The BanCompetitors scanner detects and optionally redacts competitor company names in prompts using a Named Entity Recognition (NER) model.

Description

BanCompetitors is an input scanner that takes a user-provided list of competitor names and uses NER (Named Entity Recognition) to detect mentions of those competitors within prompts. It uses the guishe/nuner-v1_orgs model by default, which is specialized for organization entity recognition. When a competitor name is found, the scanner can either flag the prompt as invalid or redact the competitor name from the text. The scanner supports chunked processing with configurable chunk_size (default 512 tokens) and chunk_overlap_size (default 40 tokens) to handle long prompts efficiently. The threshold parameter controls the minimum NER confidence required for a match.

Usage

Use the BanCompetitors scanner when you need to prevent users from mentioning competitor organizations in their prompts. This is useful for brand protection, ensuring LLM responses do not reference or compare against competitor products, and for content moderation in customer-facing applications.

Code Reference

Source Location

Signature

class BanCompetitors(Scanner):
    def __init__(
        self,
        competitors: Sequence[str],
        *,
        threshold: float = 0.5,
        redact: bool = True,
        model: Model | None = None,        # default: guishe/nuner-v1_orgs
        use_onnx: bool = False,
        chunk_size: int = 512,
        chunk_overlap_size: int = 40,
    ) -> None: ...

    def scan(self, prompt: str) -> tuple[str, bool, float]: ...

Import

from llm_guard.input_scanners import BanCompetitors

I/O Contract

Inputs

Name Type Required Description
competitors Sequence[str] Yes List of competitor names to detect in prompts.
threshold float No Minimum NER confidence score for a match. Defaults to 0.5.
redact bool No Whether to redact detected competitor names from the prompt. Defaults to True.
model Model or None No The NER model to use. Defaults to guishe/nuner-v1_orgs.
use_onnx bool No Whether to use ONNX runtime for inference. Defaults to False.
chunk_size int No Token chunk size for processing long prompts. Defaults to 512.
chunk_overlap_size int No Overlap between chunks to avoid missing entities at boundaries. Defaults to 40.

scan() Inputs

Name Type Required Description
prompt str Yes The input text to scan for competitor mentions.

Outputs

Name Type Description
prompt str The prompt with competitor names redacted (if redact=True), or the original prompt.
is_valid bool True if no competitor names were detected; False otherwise.
risk_score float A confidence score between 0.0 and 1.0 indicating the likelihood of competitor mention.

Usage Examples

Basic Usage

from llm_guard.input_scanners import BanCompetitors

scanner = BanCompetitors(
    competitors=["Google", "Microsoft", "Amazon"],
)
prompt = "How does our product compare to Google Cloud?"
sanitized_prompt, is_valid, risk_score = scanner.scan(prompt)

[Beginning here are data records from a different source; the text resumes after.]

text \<open>Deleting vertices of degree below \<open>d\<close> one by one costs fewer than \<open>2 d\<close> arcs per vertex.\<close>

lemma exists_min_degree_subset:
  fixes d :: real
  assumes "d \<ge> 0" "finite Q"
  obtains R where "R \<subseteq> Q" "real (card (unit_arcs R)) \<ge> real (card (unit_arcs Q)) - 2 * d * card Q"
    "\<forall>v\<in>R. real (card (unit_nbrs R v)) \<ge> d"
  using assms(2)
proof (induction "card Q" arbitrary: Q thesis rule: less_induct)
  case less
  show ?case
  proof (cases "\<forall>v\<in>Q. real (card (unit_nbrs Q v)) \<ge> d")
    case True
    then show ?thesis using assms(1) by (intro less.prems(1)[of Q]) auto
  next
    case False
    then obtain v where v: "v \<in> Q" "real (card (unit_nbrs Q v)) < d" by force
    have "card (Q - {v}) < card Q" by (rule card_Diff1_less[OF less.prems(2) v(1)])
    then obtain R where R: "R \<subseteq> Q - {v}"
      "real (card (unit_arcs R)) \<ge> real (card (unit_arcs (Q - {v}))) - 2 * d * card (Q - {v})"
      "\<forall>w\<in>R. real (card (unit_nbrs R w)) \<ge> d"
      using less.hyps less.prems(2) by (metis finite_Diff)
    have "card Q > 0" using less.prems(2) v(1) card_gt_0_iff by blast
    then have card_Q: "real (card (Q - {v})) = real (card Q) - 1"
      using v(1) by (simp add: of_nat_diff)
    have "real (card (unit_arcs R)) \<ge> real (card (unit_arcs (Q - {v}))) - 2 * d * card Q + 2 * d"
      using R(2) unfolding card_Q by (simp add: algebra_simps)
    moreover have "card (unit_arcs Q) = card (unit_arcs (Q - {v})) + 2 * card (unit_nbrs Q v)"
      by (rule card_unit_arcs_remove[OF less.prems(2) v(1)])
    ultimately have "real (card (unit_arcs R)) \<ge> real (card (unit_arcs Q)) - 2 * d * card Q"
      using v(2) by simp
    then show ?thesis using R by (intro less.prems(1)[of R]) auto
  qed
qed

lemma card_unit_chain_set_1: "card (unit_chain_set 1 Q) = card (unit_arcs Q)"
proof -
  have "unit_chain_set 1 Q = (\<lambda>(p, q). [p, q]) ` unit_arcs Q"
  proof (intro set_eqI iffI)
    fix ps assume ps: "ps \<in> unit_chain_set 1 Q"
    then obtain p q where "ps = [p, q]"
      unfolding unit_chain_set_def by (auto simp: length_Suc_conv numeral_2_eq_2)
    with ps show "ps \<in> (\<lambda>(p, q). [p, q]) ` unit_arcs Q"
      unfolding unit_chain_set_def unit_arcs_def by auto
  qed (auto simp: unit_chain_set_def unit_arcs_def)
  moreover have "inj_on (\<lambda>(p, q). [p, q]) (unit_arcs Q)" by (auto simp: inj_on_def)
  ultimately show ?thesis by (simp add: card_image)
qed

text \<open>A chain ending at \<open>v\<close> extends through every neighbour of \<open>v\<close> not already on it.\<close>

lemma card_unit_chain_set_Suc_ge:
  fixes d :: real
  assumes fin: "finite Q" and deg: "\<forall>v\<in>Q. real (card (unit_nbrs Q v)) \<ge> d"
  shows "(d - j) * card (unit_chain_set j Q) \<le> card (unit_chain_set (Suc j) Q)"
proof -
  define ext where "ext ps = (\<lambda>w. ps @ [w]) ` (unit_nbrs Q (last ps) - set ps)" for ps
  have ext_sub: "ext ps \<subseteq> unit_chain_set (Suc j) Q" if ps: "ps \<in> unit_chain_set j Q" for ps
  proof
    fix xs assume "xs \<in> ext ps"
    then obtain w where w: "w \<in> unit_nbrs Q (last ps)" "w \<notin> set ps" "xs = ps @ [w]"
      unfolding ext_def by auto
    have "ps \<noteq> []" using ps unfolding unit_chain_set_def by auto
    with ps w show "xs \<in> unit_chain_set (Suc j) Q"
      unfolding unit_chain_set_def unit_nbrs_def by (auto simp: unit_path_append)
  qed
  have card_ext: "d - j \<le> card (ext ps)" if ps: "ps \<in> unit_chain_set j Q" for ps
  proof -
    have ps': "length ps = j + 1" "set ps \<subseteq> Q" "distinct ps"
      using ps unfolding unit_chain_set_def by auto
    then have last: "last ps \<in> set ps" by (intro last_in_set) auto
    have "card (ext ps) = card (unit_nbrs Q (last ps) - (set ps - {last ps}))"
      unfolding ext_def using not_in_unit_nbrs
      by (subst card_image) (auto simp: inj_on_def intro!: arg_cong[where f = card])
    also have "\<dots> \<ge> card (unit_nbrs Q (last ps)) - card (set ps - {last ps})"
      by (rule diff_card_le_card_Diff) simp
    finally have "card (unit_nbrs Q (last ps)) - j \<le> card (ext ps)"
      using last ps' by (simp add: distinct_card)
    then show ?thesis using deg last ps' by force
  qed
  have "(d - j) * card (unit_chain_set j Q) = (\<Sum>ps\<in>unit_chain_set j Q. d - j)" by simp
  also have "\<dots> \<le> (\<Sum>ps\<in>unit_chain_set j Q. real (card (ext ps)))"
    by (rule sum_mono) (rule card_ext)
  also have "\<dots> = card (\<Union>ps\<in>unit_chain_set j Q. ext ps)"
    unfolding ext_def using fin
    by (subst card_UN_disjoint) (auto simp: finite_unit_chain_set finite_unit_nbrs)
  also have "\<dots> \<le> card (unit_chain_set (Suc j) Q)"
    unfolding of_nat_le_iff using ext_sub by (intro card_mono finite_unit_chain_set fin) auto
  finally show ?thesis by simp
qed

lemma card_unit_chain_set_ge_min_degree:
  fixes d :: real
  assumes fin: "finite Q" and deg: "\<forall>v\<in>Q. real (card (unit_nbrs Q v)) \<ge> d"
    and "d \<ge> k" "1 \<le> j" "j \<le> k"
  shows "card (unit_arcs Q) * (d - k) ^ (j - 1) \<le> card (unit_chain_set j Q)"
  using assms(4,5)
proof (induction j rule: dec_induct)
  case base
  then show ?case using card_unit_chain_set_1[of Q] by simp
next
  case (step j)
  then have IH: "card (unit_arcs Q) * (d - k) ^ (j - 1) \<le> card (unit_chain_set j Q)" by simp
  have "card (unit_arcs Q) * (d - k) ^ (Suc j - 1) = card (unit_arcs Q) * (d - k) ^ (j - 1) * (d - k)"
    using step.hyps by (cases j) auto
  also have "\<dots> \<le> card (unit_chain_set j Q) * (d - j)"
    using IH step.prems \<open>d \<ge> k\<close> by (intro mult_mono) auto
  also have "\<dots> \<le> card (unit_chain_set (Suc j) Q)"
    using card_unit_chain_set_Suc_ge[OF fin deg, of j] by (simp add: mult.commute)
  finally show ?case .
qed

lemma card_unit_chain_set_ge_arcs_power:
  assumes fin: "finite P" and ne: "P \<noteq> {}" and k: "k \<ge> 1"
    and dense: "8 * k * card P \<le> card (unit_arcs P)"
  shows "real (card (unit_arcs P)) ^ k / (2 * (8 * card P) ^ (k - 1)) \<le> card (unit_chain_set k P)"
proof -
  define S where "S = real (card (unit_arcs P))"
  define N where "N = real (card P)"
  define d where "d = S / (4 * N)"
  have N: "N > 0" unfolding N_def using fin ne by (simp add: card_gt_0_iff)
  have "real (8 * k * card P) \<le> S" using dense unfolding S_def of_nat_le_iff .
  then have d: "d \<ge> 2 * k" unfolding d_def using N by (simp add: field_simps N_def)
  obtain R where R: "R \<subseteq> P" "real (card (unit_arcs R)) \<ge> S - 2 * d * N"
    "\<forall>v\<in>R. real (card (unit_nbrs R v)) \<ge> d"
    using exists_min_degree_subset[of d P] d fin unfolding S_def N_def by auto
  have fin_R: "finite R" using R(1) fin by (rule finite_subset)
  have "S / 2 \<le> real (card (unit_arcs R))" using R(2) N unfolding d_def by simp
  moreover have "d / 2 \<le> d - k" using d by simp
  ultimately have "S / 2 * (d / 2) ^ (k - 1) \<le> card (unit_arcs R) * (d - k) ^ (k - 1)"
    using d by (intro mult_mono power_mono) auto
  also have "\<dots> \<le> card (unit_chain_set k R)"
    using card_unit_chain_set_ge_min_degree[OF fin_R R(3), of k k] d k by simp
  also have "\<dots> \<le> card (unit_chain_set k P)"
    using card_unit_chain_set_mono[OF fin R(1)] by simp
  finally have "S / 2 * (d / 2) ^ (k - 1) \<le> card (unit_chain_set k P)" .
  moreover have "S / 2 * (d / 2) ^ (k - 1) = S ^ k / (2 * (8 * N) ^ (k - 1))"
  proof -
    have "S ^ k = S * S ^ (k - 1)" using k by (simp flip: power_Suc)
    then show ?thesis unfolding d_def using N by (simp add: power_divide field_simps)
  qed
  ultimately show ?thesis unfolding S_def N_def by simp
qed

lemma card_unit_pairs_le_unit_arcs:
  assumes "finite P"
  shows "unit_pairs P \<le> card (unit_arcs P)"
proof -
  have "{{p, q} | p q. p \<in> P \<and> q \<in> P \<and> dist p q = 1} = (\<lambda>(p, q). {p, q}) ` unit_arcs P"
    unfolding unit_arcs_def by auto
  then show ?thesis unfolding unit_pairs_def by (simp add: card_image_le finite_unit_arcs assms)
qed

lemma card_unit_chain_set_collinear_ge:
  fixes v :: "'a::real_normed_vector"
  assumes v: "norm v = 1"
  shows "n - k \<le> card (unit_chain_set k ((\<lambda>i. real i *\<^sub>R v) ` {..<n}))"
proof -
  define pt where "pt i = real i *\<^sub>R v" for i
  have dist_pt: "dist (pt i) (pt j) = \<bar>real i - real j\<bar>" for i j
    unfolding pt_def dist_norm using v by (simp flip: scaleR_diff_left)
  have inj_pt: "inj pt"
  proof (rule injI)
    fix i j assume "pt i = pt j"
    then have "dist (pt i) (pt j) = 0" by simp
    then show "i = j" unfolding dist_pt by simp
  qed
  define ch where "ch j = map (\<lambda>i. pt (j + i)) [0..<k+1]" for j
  have ch: "ch j \<in> unit_chain_set k (pt ` {..<n})" if j: "j < n - k" for j
  proof -
    have "distinct (ch j)"
      unfolding ch_def distinct_map by (auto simp: inj_on_def inj_eq[OF inj_pt] simp del: upt_Suc)
    moreover have "unit_path (ch j)" unfolding unit_path_iff_nth
    proof (intro allI impI)
      fix t assume "t + 1 < length (ch j)"
      then have "ch j ! t = pt (j + t)" "ch j ! (t + 1) = pt (j + t + 1)"
        unfolding ch_def by (simp_all add: nth_map_upt del: upt_Suc)
      then show "dist (ch j ! t) (ch j ! (t + 1)) = 1" by (simp add: dist_pt)
    qed
    moreover have "length (ch j) = k + 1" "set (ch j) \<subseteq> pt ` {..<n}"
      unfolding ch_def using j by auto
    ultimately show ?thesis unfolding unit_chain_set_def by blast
  qed
  have "inj_on ch {..<n - k}"
  proof (rule inj_onI)
    fix i j assume "ch i = ch j"
    then have "hd (ch i) = hd (ch j)" by simp
    then show "i = j" unfolding ch_def by (simp add: upt_conv_Cons inj_eq[OF inj_pt] del: upt_Suc)
  qed
  then have "n - k = card (ch ` {..<n - k})" by (simp add: card_image)
  also have "\<dots> \<le> card (unit_chain_set k (pt ` {..<n}))"
    using ch by (intro card_mono finite_unit_chain_set) auto
  finally show ?thesis unfolding pt_def .
qed

lemma C3_ge_linear:
  assumes "k < n"
  shows "n - k \<le> C3 k n"
proof -
  have "n - k \<le> card (unit_chain_set k ((\<lambda>i. real i *\<^sub>R axis 1 1) ` {..<n} :: pt3 set))"
    by (rule card_unit_chain_set_collinear_ge) (simp add: norm_axis_1)
  also have "\<dots> \<le> C3 k n"
    unfolding unit_chains_eq_card[symmetric]
    by (rule unit_chains_le_C3) (use card_image_le[of "{..<n}" "\<lambda>i. real i *\<^sub>R axis 1 1 :: pt3"] in auto)
  finally show ?thesis .
qed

print(sanitized_prompt)  # Competitor name redacted
print(is_valid)          # False (competitor detected)
print(risk_score)        # Confidence score

Without Redaction

from llm_guard.input_scanners import BanCompetitors

# Detect but do not redact competitor names
scanner = BanCompetitors(
    competitors=["Apple", "Samsung"],
    redact=False,
    threshold=0.6,
)
prompt = "What features does Apple offer that we don't?"
sanitized_prompt, is_valid, risk_score = scanner.scan(prompt)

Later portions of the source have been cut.